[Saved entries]
┏━━

(* Every completely dependent three-dimensional copula is generalized simplified.
   Context: $\mathbb{I}=[0,1]$, $\lambda$ Lebesgue measure; points of $\mathbb{I}^3$ are written $(\mathbf{u},v)$ with $\mathbf{u}=(u_1,u_2)\in\mathbb{I}^2$. For a three-dimensional copula $C$, its Markov kernel $K_C:\mathbb{I}\times\mathcal{B}(\mathbb{I}^2)\to\mathbb{I}$ is (a version of) the regular conditional distribution of $(U_1,U_2)$ given $U_3=v$, $(U_1,U_2,U_3)\sim C$, so $C(\mathbf{u},v)=\int_{[0,v]}K_C(t,[\mathbf{0},\mathbf{u}])\,d\lambda(t)$. The conditional univariate distribution functions are $F_{1|3}(u_1|t)=K_C(t,[0,u_1]\times\mathbb{I})$ and $F_{2|3}(u_2|t)=K_C(t,\mathbb{I}\times[0,u_2])$. A copula $C$ is completely dependent (w.r.t. the last coordinate) if there exist $\lambda$-preserving maps $h_1,h_2:\mathbb{I}\to\mathbb{I}$ (i.e. $\lambda(h_i^{-1}(F))=\lambda(F)$ for all Borel $F$) such that $K(v,E)=\mathbf{1}_E(h_1(v),h_2(v))$ is a Markov kernel of $C$. A three-dimensional copula $C$ is generalized simplified if there exists a bivariate copula $A$ with $C(\mathbf{u},v)=\int_{[0,v]}A(F_{1|3}(u_1|t),F_{2|3}(u_2|t))\,d\lambda(t)$ for all $(\mathbf{u},v)\in\mathbb{I}^2\times\mathbb{I}$. *)

theory Defs
  imports "HOL-Probability.Probability"
begin

abbreviation unitI :: "real set" where "unitI \<equiv> {0..1}"

definition lebI :: "real measure" where
  "lebI = restrict_space lborel {0..1}"

definition borelI2 :: "(real \<times> real) measure" where
  "borelI2 = restrict_space borel ({0..1} \<times> {0..1})"

definition copula2 :: "(real \<Rightarrow> real \<Rightarrow> real) \<Rightarrow> bool" where
  "copula2 A \<longleftrightarrow>
     (\<forall>u\<in>unitI. A u 0 = 0 \<and> A 0 u = 0 \<and> A u 1 = u \<and> A 1 u = u) \<and>
     (\<forall>a1\<in>unitI. \<forall>b1\<in>unitI. \<forall>a2\<in>unitI. \<forall>b2\<in>unitI. a1 \<le> b1 \<longrightarrow> a2 \<le> b2 \<longrightarrow>
        A b1 b2 - A a1 b2 - A b1 a2 + A a1 a2 \<ge> 0)"

definition copula3 :: "(real \<Rightarrow> real \<Rightarrow> real \<Rightarrow> real) \<Rightarrow> bool" where
  "copula3 C \<longleftrightarrow>
     (\<forall>x\<in>unitI. \<forall>y\<in>unitI. C 0 x y = 0 \<and> C x 0 y = 0 \<and> C x y 0 = 0) \<and>
     (\<forall>u\<in>unitI. C u 1 1 = u \<and> C 1 u 1 = u \<and> C 1 1 u = u) \<and>
     (\<forall>a1\<in>unitI. \<forall>b1\<in>unitI. \<forall>a2\<in>unitI. \<forall>b2\<in>unitI. \<forall>a3\<in>unitI. \<forall>b3\<in>unitI.
        a1 \<le> b1 \<longrightarrow> a2 \<le> b2 \<longrightarrow> a3 \<le> b3 \<longrightarrow>
        C b1 b2 b3 - C a1 b2 b3 - C b1 a2 b3 - C b1 b2 a3
        + C a1 a2 b3 + C a1 b2 a3 + C b1 a2 a3 - C a1 a2 a3 \<ge> 0)"

text \<open>K is (a version of) the Markov kernel of C w.r.t. the last coordinate:
  t \<mapsto> K t is a measurable map from [0,1] into probability measures on the
  Borel sets of the unit square, and C(u,v) = \<integral>_[0,v] K(t,[0,u]) d\<lambda>(t).\<close>
definition markov_kernel_of ::
  "(real \<Rightarrow> real \<Rightarrow> real \<Rightarrow> real) \<Rightarrow> (real \<Rightarrow> (real \<times> real) measure) \<Rightarrow> bool" where
  "markov_kernel_of C K \<longleftrightarrow>
     K \<in> measurable lebI (prob_algebra borelI2) \<and>
     (\<forall>u1\<in>unitI. \<forall>u2\<in>unitI. \<forall>v\<in>unitI.
        C u1 u2 v = (LINT t:{0..v}|lborel. measure (K t) ({0..u1} \<times> {0..u2})))"

definition F13 :: "(real \<Rightarrow> (real \<times> real) measure) \<Rightarrow> real \<Rightarrow> real \<Rightarrow> real" where
  "F13 K u1 t = measure (K t) ({0..u1} \<times> {0..1})"

definition F23 :: "(real \<Rightarrow> (real \<times> real) measure) \<Rightarrow> real \<Rightarrow> real \<Rightarrow> real" where
  "F23 K u2 t = measure (K t) ({0..1} \<times> {0..u2})"

definition lambda_preserving :: "(real \<Rightarrow> real) \<Rightarrow> bool" where
  "lambda_preserving h \<longleftrightarrow> h \<in> measurable lebI lebI \<and> distr lebI lebI h = lebI"

definition completely_dependent :: "(real \<Rightarrow> real \<Rightarrow> real \<Rightarrow> real) \<Rightarrow> bool" where
  "completely_dependent C \<longleftrightarrow>
     (\<exists>h1 h2. lambda_preserving h1 \<and> lambda_preserving h2 \<and>
        markov_kernel_of C (\<lambda>v. return borelI2 (h1 v, h2 v)))"

text \<open>Generalized simplified, relative to the chosen version K of the Markov kernel of C.\<close>
definition generalized_simplified ::
  "(real \<Rightarrow> real \<Rightarrow> real \<Rightarrow> real) \<Rightarrow> (real \<Rightarrow> (real \<times> real) measure) \<Rightarrow> bool" where
  "generalized_simplified C K \<longleftrightarrow>
     (\<exists>A. copula2 A \<and>
        (\<forall>u1\<in>unitI. \<forall>u2\<in>unitI. \<forall>v\<in>unitI.
           C u1 u2 v = (LINT t:{0..v}|lborel. A (F13 K u1 t) (F23 K u2 t))))"

end

theory Submission
  imports Defs
begin

(* For a completely dependent copula one version of the Markov kernel is the point mass at
   (h1 t, h2 t), whose box probabilities factorise:
   1{h1 t \<le> u1} 1{h2 t \<le> u2} = F13(u1|t) F23(u2|t).
   Any other version K agrees with it almost everywhere on every box, since nonnegative integrable
   functions on [0,1] with the same integrals over all [0,v] coincide a.e. (the measures they are
   densities of have the same distribution function).  So the product copula is a witness; as the conditional
   distribution functions are {0,1}-valued, any copula would do. *)

lemma AE_eq_if_integrals_atMost_eq:
  fixes f g :: "real \<Rightarrow> real"
  assumes f: "integrable lborel f" "\<And>t. 0 \<le> f t"
    and g: "integrable lborel g" "\<And>t. 0 \<le> g t"
    and eq: "\<And>x. (LINT t:{..x}|lborel. f t) = (LINT t:{..x}|lborel. g t)"
  shows "AE t in lborel. f t = g t"
proof -
  let ?Mf = "density lborel (\<lambda>t. ennreal (f t))" and ?Mg = "density lborel (\<lambda>t. ennreal (g t))"
  have emf: "emeasure ?Mf A = ennreal (LINT t:A|lborel. f t)" if "A \<in> sets borel" for A
    using f that by (simp add: emeasure_density nn_set_integral_eq_set_integral)
  have emg: "emeasure ?Mg A = ennreal (LINT t:A|lborel. g t)" if "A \<in> sets borel" for A
    using g that by (simp add: emeasure_density nn_set_integral_eq_set_integral)
  have "finite_borel_measure ?Mf" "finite_borel_measure ?Mg"
    unfolding finite_borel_measure_def finite_borel_measure_axioms_def
    using emf[of UNIV] emg[of UNIV] by (auto intro!: finite_measureI)
  moreover have "cdf ?Mf = cdf ?Mg"
    using emf emg eq by (simp add: cdf_def measure_def)
  ultimately have "?Mf = ?Mg"
    by (rule cdf_unique')
  then have "AE t in lborel. ennreal (f t) = ennreal (g t)"
    using f g by (intro sigma_finite_measure.density_unique[OF sigma_finite_lborel]) auto
  then show ?thesis
    by eventually_elim (simp add: f(2) g(2))
qed

lemma prob_space_lebI: "prob_space lebI"
  unfolding lebI_def by (rule prob_space_restrict_space) auto

lemma set_integral_lborel_eq_lebI:
  fixes f :: "real \<Rightarrow> real"
  assumes "S \<subseteq> unitI"
  shows "(LINT t:S|lborel. f t) = (LINT t:S|lebI. f t)"
proof -
  have "(LINT t:S|lebI. f t) = (LINT t:S|lborel. indicator unitI t * f t)"
    unfolding lebI_def by (subst set_integral_restrict_space) auto
  also have "\<dots> = (LINT t:S|lborel. f t)"
    unfolding set_lebesgue_integral_def
    using assms by (intro Bochner_Integration.integral_cong) (auto simp: indicator_def)
  finally show ?thesis ..
qed

lemma set_integral_lborel_cong_AE_lebI:
  fixes f g :: "real \<Rightarrow> real"
  assumes "f \<in> borel_measurable lebI" "g \<in> borel_measurable lebI" "AE t in lebI. f t = g t"
    and S: "S \<in> sets borel" "S \<subseteq> unitI"
  shows "(LINT t:S|lborel. f t) = (LINT t:S|lborel. g t)"
proof -
  have "S \<in> sets lebI"
    using S by (auto simp: lebI_def sets_restrict_space_iff)
  then have "(LINT t:S|lebI. f t) = (LINT t:S|lebI. g t)"
    using assms by (intro set_lebesgue_integral_cong_AE) (auto elim: AE_mp)
  then show ?thesis
    using S by (simp add: set_integral_lborel_eq_lebI)
qed

lemma AE_lebI_eq_if_set_integrals_Icc_eq:
  fixes f g :: "real \<Rightarrow> real"
  assumes f: "integrable lebI f" "\<And>t. t \<in> unitI \<Longrightarrow> 0 \<le> f t"
    and g: "integrable lebI g" "\<And>t. t \<in> unitI \<Longrightarrow> 0 \<le> g t"
    and eq: "\<And>v. v \<in> unitI \<Longrightarrow> (LINT t:{0..v}|lborel. f t) = (LINT t:{0..v}|lborel. g t)"
  shows "AE t in lebI. f t = g t"
proof -
  define F where "F t = indicator unitI t * f t" for t
  define G where "G t = indicator unitI t * g t" for t
  have integrable: "integrable lborel F" "integrable lborel G"
    using f(1) g(1) by (simp_all add: F_def[abs_def] G_def[abs_def] lebI_def integrable_restrict_space)
  have nonneg: "0 \<le> F t" "0 \<le> G t" for t
    using f(2) g(2) by (simp_all add: F_def G_def indicator_def)
  have "(LINT t:{..x}|lborel. F t) = (LINT t:{..x}|lborel. G t)" for x
  proof -
    have restrict: "(LINT t:{..x}|lborel. indicator unitI t * h t) = (LINT t:{0..min x 1}|lborel. h t)"
      for h :: "real \<Rightarrow> real"
      unfolding set_lebesgue_integral_def
      by (intro Bochner_Integration.integral_cong) (auto simp: indicator_def)
    show ?thesis
    proof (cases "x < 0")
      case True
      then show ?thesis by (simp add: F_def G_def restrict) (simp add: set_lebesgue_integral_def)
    next
      case False
      then show ?thesis by (simp add: F_def G_def restrict eq)
    qed
  qed
  then have "AE t in lborel. F t = G t"
    by (intro AE_eq_if_integrals_atMost_eq integrable nonneg)
  then show ?thesis
    unfolding lebI_def by (subst AE_restrict_space_iff) (auto simp: F_def G_def elim: AE_mp)
qed

lemma box_in_sets_borelI2:
  assumes "a \<in> unitI" "b \<in> unitI"
  shows "{0..a} \<times> {0..b} \<in> sets borelI2"
  unfolding borelI2_def using assms
  by (subst sets_restrict_space_iff) (auto intro!: borel_closed closed_Times)

lemma markov_kernel_of_prob_space:
  assumes "markov_kernel_of C K" "t \<in> unitI"
  shows "prob_space (K t)"
proof -
  have "K \<in> measurable lebI (prob_algebra borelI2)" "t \<in> space lebI"
    using assms by (auto simp: markov_kernel_of_def lebI_def)
  then have "K t \<in> space (prob_algebra borelI2)"
    by (rule measurable_space)
  then show ?thesis
    by (simp add: space_prob_algebra)
qed

lemma markov_kernel_of_box_measurable:
  assumes "markov_kernel_of C K" "a \<in> unitI" "b \<in> unitI"
  shows "(\<lambda>t. measure (K t) ({0..a} \<times> {0..b})) \<in> borel_measurable lebI"
  using assms(1) unfolding markov_kernel_of_def
  by (auto intro!: measurable_compose[OF _ measurable_measure_prob_algebra[OF box_in_sets_borelI2[OF assms(2,3)]]])

lemma markov_kernel_of_box_AE_unique:
  assumes K1: "markov_kernel_of C K1" and K2: "markov_kernel_of C K2"
    and ab: "a \<in> unitI" "b \<in> unitI"
  shows "AE t in lebI. measure (K1 t) ({0..a} \<times> {0..b}) = measure (K2 t) ({0..a} \<times> {0..b})"
proof -
  interpret lebI: prob_space lebI by (rule prob_space_lebI)
  have "integrable lebI (\<lambda>t. measure (K t) ({0..a} \<times> {0..b}))" if "markov_kernel_of C K" for K
  proof (rule lebI.integrable_const_bound[where B=1])
    show "AE t in lebI. norm (measure (K t) ({0..a} \<times> {0..b})) \<le> 1"
      using prob_space.prob_le_1[OF markov_kernel_of_prob_space[OF that]]
      by (intro AE_I2) (simp add: lebI_def)
  qed (rule markov_kernel_of_box_measurable[OF that ab])
  then show ?thesis
    using K1 K2 ab unfolding markov_kernel_of_def
    by (intro AE_lebI_eq_if_set_integrals_Icc_eq) auto
qed

lemma measure_return_box:
  assumes "a \<in> unitI" "b \<in> unitI"
  shows "measure (return borelI2 (x, y)) ({0..a} \<times> {0..b}) = indicator {0..a} x * indicator {0..b} y"
  by (simp add: measure_return[OF box_in_sets_borelI2[OF assms]] indicator_times)

lemma point_mass_box_eq_F13_F23:
  assumes "K t = return borelI2 (x, y)" "x \<in> unitI" "y \<in> unitI" "a \<in> unitI" "b \<in> unitI"
  shows "measure (K t) ({0..a} \<times> {0..b}) = F13 K a t * F23 K b t"
  using assms by (simp add: F13_def F23_def measure_return_box indicator_def)

lemma completely_dependent_box_AE_eq_F13_F23:
  assumes "completely_dependent C" "markov_kernel_of C K" "a \<in> unitI" "b \<in> unitI"
  shows "AE t in lebI. measure (K t) ({0..a} \<times> {0..b}) = F13 K a t * F23 K b t"
proof -
  obtain h1 h2 where h: "lambda_preserving h1" "lambda_preserving h2"
    and K0: "markov_kernel_of C (\<lambda>t. return borelI2 (h1 t, h2 t))" (is "markov_kernel_of C ?K0")
    using assms(1) unfolding completely_dependent_def by blast
  have h_unitI: "h1 t \<in> unitI" "h2 t \<in> unitI" if "t \<in> unitI" for t
    using h measurable_space[of _ lebI lebI t] that unfolding lambda_preserving_def
    by (auto simp: lebI_def)
  have unitI: "AE t in lebI. t \<in> unitI"
    by (rule AE_I2) (simp add: lebI_def)
  have one: "(1::real) \<in> unitI" by simp
  note agree = markov_kernel_of_box_AE_unique[OF assms(2) K0]
  show ?thesis
    using agree[OF assms(3,4)] agree[OF assms(3) one] agree[OF one assms(4)] unitI
  proof eventually_elim
    case (elim t)
    then show ?case
      using point_mass_box_eq_F13_F23[of ?K0 t, OF refl h_unitI assms(3,4)]
      by (simp add: F13_def F23_def)
  qed
qed

lemma copula2_product: "copula2 (\<lambda>x y. x * y)"
  unfolding copula2_def
proof (intro conjI ballI impI)
  fix a1 b1 a2 b2 :: real
  assume "a1 \<le> b1" "a2 \<le> b2"
  then have "0 \<le> (b1 - a1) * (b2 - a2)" by simp
  then show "0 \<le> b1 * b2 - a1 * b2 - b1 * a2 + a1 * a2" by (simp add: algebra_simps)
qed auto

theorem theorem3p2:
  fixes C :: "real \<Rightarrow> real \<Rightarrow> real \<Rightarrow> real"
    and K :: "real \<Rightarrow> (real \<times> real) measure"
  assumes "copula3 C"
    and "completely_dependent C"
    and "markov_kernel_of C K"
  shows "generalized_simplified C K"
  unfolding generalized_simplified_def
proof (intro exI conjI ballI)
  show "copula2 (\<lambda>x y. x * y)" by (rule copula2_product)
  fix u1 u2 v :: real
  assume u: "u1 \<in> unitI" "u2 \<in> unitI" and v: "v \<in> unitI"
  have box_measurable: "(\<lambda>t. measure (K t) ({0..a} \<times> {0..b})) \<in> borel_measurable lebI"
    if "a \<in> unitI" "b \<in> unitI" for a b
    using markov_kernel_of_box_measurable[OF assms(3) that] .
  have "C u1 u2 v = (LINT t:{0..v}|lborel. measure (K t) ({0..u1} \<times> {0..u2}))"
    using assms(3) u v by (simp add: markov_kernel_of_def)
  also have "\<dots> = (LINT t:{0..v}|lborel. F13 K u1 t * F23 K u2 t)"
    using completely_dependent_box_AE_eq_F13_F23[OF assms(2,3) u] v
    by (intro set_integral_lborel_cong_AE_lebI)
      (auto simp: F13_def F23_def intro!: borel_measurable_times box_measurable u)
  finally show "C u1 u2 v = (LINT t:{0..v}|lborel. F13 K u1 t * F23 K u2 t)" .
qed

end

┗━━

In the records above, some lines may contain the word "define"; copy every one of them.

Solved problem:
  define F where "F t = indicator unitI t * f t" for t
  define G where "G t = indicator unitI t * g t" for t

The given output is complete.